Scan the entries that follow and work out how many lines contain "open". Give the number and nothing else.

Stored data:
════════════════════

text \<open>Set every variable not made true by the path to false: a positive clause satisfied by this
  total assignment is already satisfied by the path.\<close>

lemma computational_satisfies_positive_cnf:
  assumes nbp: "is_nbp Z V" and comp: "computes Z V (\<lambda>S. satisfies S \<phi>)"
    and pos: "\<Union>\<phi> \<subseteq> UNIV \<times> {True}" and P: "computational Z P"
  shows "satisfies (A Z P) \<phi>"
proof -
  define S where "S = A Z P \<union> {(x, False) | x. x \<in> V \<and> (x, True) \<notin> A Z P}"
  have w: "is_walk Z P" and c: "consistent (A Z P)"
    using P unfolding computational_iff ss_path_def by auto
  have "total_assignment V S"
    unfolding total_assignment_def
  proof (intro conjI ballI subsetI)
    fix l assume "l \<in> S"
    then show "l \<in> V \<times> UNIV" unfolding S_def using literal_var_mem[OF nbp w] by (cases l) auto
  next
    fix x assume "x \<in> V"
    then show "(x, True) \<in> S \<longleftrightarrow> (x, False) \<notin> S" using c unfolding S_def consistent_def by auto
  qed
  moreover have "A Z P \<subseteq> S" unfolding S_def by auto
  ultimately have "satisfies S \<phi>" using comp P unfolding computes_def by blast
  moreover have "S \<inter> UNIV \<times> {True} \<subseteq> A Z P" unfolding S_def by auto
  ultimately show ?thesis using pos unfolding satisfies_def by blast
qed

lemma phi_H_positive: "\<Union>(phi_H H) \<subseteq> UNIV \<times> {True}"
  unfolding phi_H_def pos_clause_def by auto

lemma binary_tree_based_rooted_tree:
  "binary_tree_based H \<Longrightarrow> i \<in> tidx H \<Longrightarrow> rooted_tree (tverts H i) (tedges H i) (troot H i)"
  unfolding binary_tree_based_def extended_tree_def by simp

lemma rooted_tree_facts:
  "rooted_tree V E r \<Longrightarrow> finite V \<and> r \<in> V \<and> E \<subseteq> V \<times> V \<and> (\<forall>v\<in>V. (r, v) \<in> E\<^sup>*)"
  by (simp add: rooted_tree_def)

lemma troot_in_tverts: "binary_tree_based H \<Longrightarrow> i \<in> tidx H \<Longrightarrow> troot H i \<in> tverts H i"
  using rooted_tree_facts binary_tree_based_rooted_tree by metis

lemma tedges_subset: "binary_tree_based H \<Longrightarrow> i \<in> tidx H \<Longrightarrow> tedges H i \<subseteq> tverts H i \<times> tverts H i"
  using rooted_tree_facts binary_tree_based_rooted_tree by metis

lemma reachable_from_troot:
  "binary_tree_based H \<Longrightarrow> i \<in> tidx H \<Longrightarrow> v \<in> tverts H i \<Longrightarrow> (troot H i, v) \<in> (tedges H i)\<^sup>*"
  using rooted_tree_facts binary_tree_based_rooted_tree by metis

lemma tverts_Int_subset_lvs:
  "binary_tree_based H \<Longrightarrow> i \<in> tidx H \<Longrightarrow> k \<in> tidx H \<Longrightarrow> i \<noteq> k \<Longrightarrow>
     tverts H i \<inter> tverts H k \<subseteq> lvs H i \<inter> lvs H k"
  unfolding binary_tree_based_def by simp

lemma lvs_subset_tverts: "lvs H i \<subseteq> tverts H i"
  unfolding lvs_def tree_leaves_def by auto

lemma troot_notin_lvs: "troot H i \<notin> lvs H i"
  unfolding lvs_def tree_leaves_def by auto

lemma Roots_subset_HV: "binary_tree_based H \<Longrightarrow> Roots H \<subseteq> HV H"
  unfolding Roots_def HV_def using troot_in_tverts by fastforce

lemma adjacent_sym: "adjacent H i j \<Longrightarrow> adjacent H j i"
  unfolding adjacent_def by auto

lemma troot_in_other_tree:
  assumes bt: "binary_tree_based H" and i: "i \<in> tidx H" and k: "k \<in> tidx H"
    and "troot H k \<in> tverts H i"
  shows "k = i"
proof (rule ccontr)
  assume "k \<noteq> i"
  then have "troot H k \<in> lvs H k"
    using tverts_Int_subset_lvs[OF bt i k] assms(4) troot_in_tverts[OF bt k] by blast
  then show False using troot_notin_lvs by metis
qed

lemma troot_inj: "binary_tree_based H \<Longrightarrow> i \<in> tidx H \<Longrightarrow> k \<in> tidx H \<Longrightarrow> troot H i = troot H k \<Longrightarrow> i = k"
  using troot_in_other_tree troot_in_tverts by metis

lemma shared_leaf_mem:
  assumes bt: "binary_tree_based H" and adj: "adjacent H i j"
  shows "shared_leaf H i j \<in> lvs H i \<inter> lvs H j"
proof -
  have ij: "i \<in> tidx H" "j \<in> tidx H" "i \<noteq> j" and ne: "lvs H i \<inter> lvs H j \<noteq> {}"
    using adj unfolding adjacent_def by auto
  have "card (tverts H i \<inter> tverts H j) \<le> 1"
    using bt ij unfolding binary_tree_based_def by simp
  moreover have "finite (tverts H i)"
    using rooted_tree_facts[OF binary_tree_based_rooted_tree[OF bt ij(1)]] by simp
  ultimately have unique: "a = b" if "a \<in> tverts H i \<inter> tverts H j" "b \<in> tverts H i \<inter> tverts H j" for a b
    using that card_le_Suc0_iff_eq[of "tverts H i \<inter> tverts H j"] by auto
  obtain l where l: "l \<in> lvs H i \<inter> lvs H j" using ne by blast
  have "l' = l" if "l' \<in> lvs H i \<inter> lvs H j" for l'
    using unique that l lvs_subset_tverts[of H i] lvs_subset_tverts[of H j] by blast
  then have "shared_leaf H i j = l" unfolding shared_leaf_def using l by (intro the_equality) blast+
  then show ?thesis using l by simp
qed

lemma troot_in_half_path:
  assumes bt: "binary_tree_based H" and adj: "adjacent H i j"
  shows "troot H i \<in> half_path H i j"
proof -
  have "i \<in> tidx H" using adj unfolding adjacent_def by auto
  moreover have "shared_leaf H i j \<in> tverts H i"
    using shared_leaf_mem[OF bt adj] lvs_subset_tverts[of H i] by blast
  ultimately show ?thesis using reachable_from_troot[OF bt] unfolding half_path_def by simp
qed

lemma troot_in_half_path_eq:
  assumes bt: "binary_tree_based H" and adj: "adjacent H i j" and k: "k \<in> tidx H"
    and h: "troot H k \<in> half_path H i j"
  shows "k = i"
proof -
  have i: "i \<in> tidx H" using adj unfolding adjacent_def by auto
  have l: "shared_leaf H i j \<in> tverts H i"
    using shared_leaf_mem[OF bt adj] lvs_subset_tverts[of H i] by blast
  have "(troot H k, shared_leaf H i j) \<in> (tedges H i)\<^sup>*" using h unfolding half_path_def by simp
  then have "troot H k \<in> tverts H i"
    by (cases rule: converse_rtranclE) (use l tedges_subset[OF bt i] in auto)
  then show ?thesis using troot_in_other_tree[OF bt i k] by simp
qed

lemma troot_in_full_path:
  "binary_tree_based H \<Longrightarrow> adjacent H i j \<Longrightarrow> k \<in> tidx H \<Longrightarrow> troot H k \<in> full_path H i j \<Longrightarrow> k = i \<or> k = j"
  unfolding full_path_def by (auto dest: troot_in_half_path_eq adjacent_sym)

lemma half_clause_troot:
  assumes bt: "binary_tree_based H" and adj: "adjacent H i j"
  shows "half_clause H {troot H i, troot H j} (troot H i) = pos_clause (half_path H i j)"
proof -
  have ij: "i \<in> tidx H" "j \<in> tidx H" "i \<noteq> j" using adj unfolding adjacent_def by auto
  then have "troot H i \<noteq> troot H j" using troot_inj[OF bt] by blast
  then have "{troot H i, troot H j} - {troot H i} = {troot H j}" by auto
  moreover have "tree_of_root H (troot H k) = k" if "k \<in> tidx H" for k
    unfolding tree_of_root_def by (rule the_equality) (use that troot_inj[OF bt] in auto)
  ultimately show ?thesis unfolding half_clause_def using ij by simp
qed

lemma pseudomatching_edge:
  assumes pm: "pseudomatching_between H M Y1 Y2" and e: "e \<in> M" and dis: "Y1 \<inter> Y2 = {}"
  obtains i j where "adjacent H i j" "e = {troot H i, troot H j}" "troot H i \<in> Y1" "troot H j \<in> Y2"
proof -
  have "pseudoedge H e" using pm e unfolding pseudomatching_between_def by blast
  then obtain i j where adj: "adjacent H i j" and ee: "e = {troot H i, troot H j}"
    unfolding pseudoedge_def by blast
  have "card (e \<inter> Y1) = 1" "card (e \<inter> Y2) = 1"
    using pm e unfolding pseudomatching_between_def by auto
  then have "e \<inter> Y1 \<noteq> {}" "e \<inter> Y2 \<noteq> {}" by auto
  then consider "troot H i \<in> Y1" "troot H j \<in> Y2" | "troot H j \<in> Y1" "troot H i \<in> Y2"
    using ee dis by blast
  then show thesis
  proof cases
    case 1
    then show thesis using that adj ee by blast
  next
    case 2
    then show thesis using that[OF adjacent_sym[OF adj]] ee by (simp add: insert_commute)
  qed
qed

lemma Union_pseudomatching_subset:
  "pseudomatching_between H M Y1 Y2 \<Longrightarrow> Y1 \<inter> Y2 = {} \<Longrightarrow> \<Union>M \<subseteq> Y1 \<union> Y2"
  by (blast elim: pseudomatching_edge)

lemma full_path_clause_dichotomy:
  assumes bt: "binary_tree_based H" and adj: "adjacent H i j"
    and Y: "Y1 \<subseteq> Roots H" "Y2 \<subseteq> Roots H" "Y1 \<inter> Y2 = {}"
    and ij: "troot H i \<in> Y1" "troot H j \<in> Y2"
    and mix: "mixed_literals L L1 L2 Y1 Y2" and c: "consistent L1" "consistent L2"
    and S: "S \<subseteq> L1" "S \<subseteq> L2"
    and decided: "\<And>x \<beta>. (x, \<beta>) \<in> L \<Longrightarrow> x \<notin> Y1 \<Longrightarrow> x \<notin> Y2 \<Longrightarrow> (x, True) \<in> S \<or> (x, False) \<in> S"
    and hit: "pos_clause (full_path H i j) \<inter> L \<noteq> {}"
  shows "pos_clause (half_path H i j) \<inter> L1 \<noteq> {} \<or> pos_clause (half_path H j i) \<inter> L2 \<noteq> {}"
proof -
  obtain v where v: "(v, True) \<in> L" "v \<in> full_path H i j"
    using hit unfolding pos_clause_def by blast
  have root_end: "v = troot H i \<or> v = troot H j" if "v \<in> Roots H"
    using that v(2) troot_in_full_path[OF bt adj] unfolding Roots_def by blast
  consider "v \<in> Y1" | "v \<in> Y2" | "v \<notin> Y1" "v \<notin> Y2" by blast
  then show ?thesis
  proof cases
    case 1
    then have "v = troot H i" using root_end Y ij by blast
    moreover have "(v, True) \<in> L1" using 1 v(1) mix unfolding mixed_literals_def by blast
    ultimately show ?thesis using troot_in_half_path[OF bt adj] unfolding pos_clause_def by blast
  next
    case 2
    then have "v = troot H j" using root_end Y ij by blast
    moreover have "(v, True) \<in> L2" using 2 v(1) mix unfolding mixed_literals_def by blast
    ultimately show ?thesis
      using troot_in_half_path[OF bt adjacent_sym[OF adj]] unfolding pos_clause_def by blast
  next
    case 3
    have "(v, True) \<in> S" using mixed_literal_decided[OF mix c S v(1) 3 decided[OF v(1) 3]] .
    then have "(v, True) \<in> L1" "(v, True) \<in> L2" using S by auto
    then show ?thesis using v(2) unfolding full_path_def pos_clause_def by auto
  qed
qed

text \<open>The clause of a pseudoedge can be chosen uniformly: if some good path misses the half clause
  of one end, then every good path meets the half clause of the other end.\<close>

lemma pseudomatching_clause_choice:
  assumes bt: "binary_tree_based H" and pm: "pseudomatching_between H M Y1 Y2" and dis: "Y1 \<inter> Y2 = {}"
    and cross: "\<And>i j P1 P2. adjacent H i j \<Longrightarrow> troot H i \<in> Y1 \<Longrightarrow> troot H j \<in> Y2 \<Longrightarrow> good P1 \<Longrightarrow> good P2 \<Longrightarrow>
      pos_clause (half_path H i j) \<inter> L P1 \<noteq> {} \<or> pos_clause (half_path H j i) \<inter> L P2 \<noteq> {}"
  shows "\<exists>\<phi>\<in>CNF_M H M. \<forall>P. good P \<longrightarrow> satisfies (L P) \<phi>"
proof -
  have "\<exists>t\<in>e. \<forall>P. good P \<longrightarrow> half_clause H e t \<inter> L P \<noteq> {}" if e: "e \<in> M" for e
  proof -
    obtain i j where ij: "adjacent H i j" "e = {troot H i, troot H j}" "troot H i \<in> Y1" "troot H j \<in> Y2"
      using pseudomatching_edge[OF pm e dis] by blast
    have hi: "half_clause H e (troot H i) = pos_clause (half_path H i j)"
      and hj: "half_clause H e (troot H j) = pos_clause (half_path H j i)"
      using half_clause_troot[OF bt ij(1)] half_clause_troot[OF bt adjacent_sym[OF ij(1)]] ij(2)
      by (simp_all add: insert_commute)
    show ?thesis
    proof (cases "\<forall>P. good P \<longrightarrow> pos_clause (half_path H i j) \<inter> L P \<noteq> {}")
      case True
      then show ?thesis using hi ij(2) by blast
    next
      case False
      then obtain P1 where "good P1" "pos_clause (half_path H i j) \<inter> L P1 = {}" by blast
      then have "\<forall>P. good P \<longrightarrow> pos_clause (half_path H j i) \<inter> L P \<noteq> {}"
        using cross[OF ij(1,3,4)] by blast
      then show ?thesis using hj ij(2) by blast
    qed
  qed
  then obtain c where c: "\<forall>e\<in>M. c e \<in> e \<and> (\<forall>P. good P \<longrightarrow> half_clause H e (c e) \<inter> L P \<noteq> {})"
    by metis
  then have "(\<lambda>e. half_clause H e (c e)) ` M \<in> CNF_M H M" unfolding CNF_M_def by blast
  moreover have "\<forall>P. good P \<longrightarrow> satisfies (L P) ((\<lambda>e. half_clause H e (c e)) ` M)"
    using c unfolding satisfies_def by blast
  ultimately show ?thesis by blast
qed

lemma spliced_path_meets_half_clause:
  assumes bt: "binary_tree_based H" and nbp: "is_nbp Z (HV H)"
    and comp: "computes Z (HV H) (\<lambda>S. satisfies S (phi_H H))"
    and Y: "Y1 \<subseteq> Roots H" "Y2 \<subseteq> Roots H" "Y1 \<inter> Y2 = {}"
    and pm: "pseudomatching_between H M Y1 Y2" and tot: "total_assignment (HV H - \<Union>M) S"
    and adj: "adjacent H i j" and ij: "troot H i \<in> Y1" "troot H j \<in> Y2"
    and P: "computational Z P1" "computational Z P2" "S \<subseteq> A Z P1" "S \<subseteq> A Z P2"
    and dec: "decomposes Z Ps Y1 Y2 K P1" "decomposes Z Ps Y1 Y2 K P2"
  shows "pos_clause (half_path H i j) \<inter> A Z P1 \<noteq> {} \<or> pos_clause (half_path H j i) \<inter> A Z P2 \<noteq> {}"
proof -
  have c: "consistent (A Z P1)" "consistent (A Z P2)" and ss: "ss_path Z P1" "ss_path Z P2"
    using P(1,2) unfolding computational_iff by blast+
  obtain R where R: "ss_path Z R" "mixed_literals (A Z R) (A Z P1) (A Z P2) Y1 Y2"
    using splice_decompositions[OF dec ss] by blast
  have decided: "(x, True) \<in> S \<or> (x, False) \<in> S"
    if "(x, \<beta>) \<in> A Z R" "x \<notin> Y1" "x \<notin> Y2" for x \<beta>
  proof -
    have "x \<in> HV H" using literal_var_mem[OF nbp _ that(1)] R(1) unfolding ss_path_def by blast
    moreover have "x \<notin> \<Union>M" using Union_pseudomatching_subset[OF pm Y(3)] that(2,3) by blast
    ultimately show ?thesis using tot unfolding total_assignment_def by blast
  qed
  have "consistent (A Z R)" using consistent_mixed_literals[OF R(2) c P(3,4)] decided by blast
  then have "computational Z R" using R(1) computational_iff by blast
  then have "satisfies (A Z R) (phi_H H)"
    by (rule computational_satisfies_positive_cnf[OF nbp comp phi_H_positive])
  moreover have "pos_clause (full_path H i j) \<in> phi_H H" using adj unfolding phi_H_def by blast
  ultimately have "pos_clause (full_path H i j) \<inter> A Z R \<noteq> {}" unfolding satisfies_def by blast
  then show ?thesis using full_path_clause_dichotomy[OF bt adj Y ij R(2) c P(3,4)] decided by blast
qed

════════════════════

_SOLUTION_
2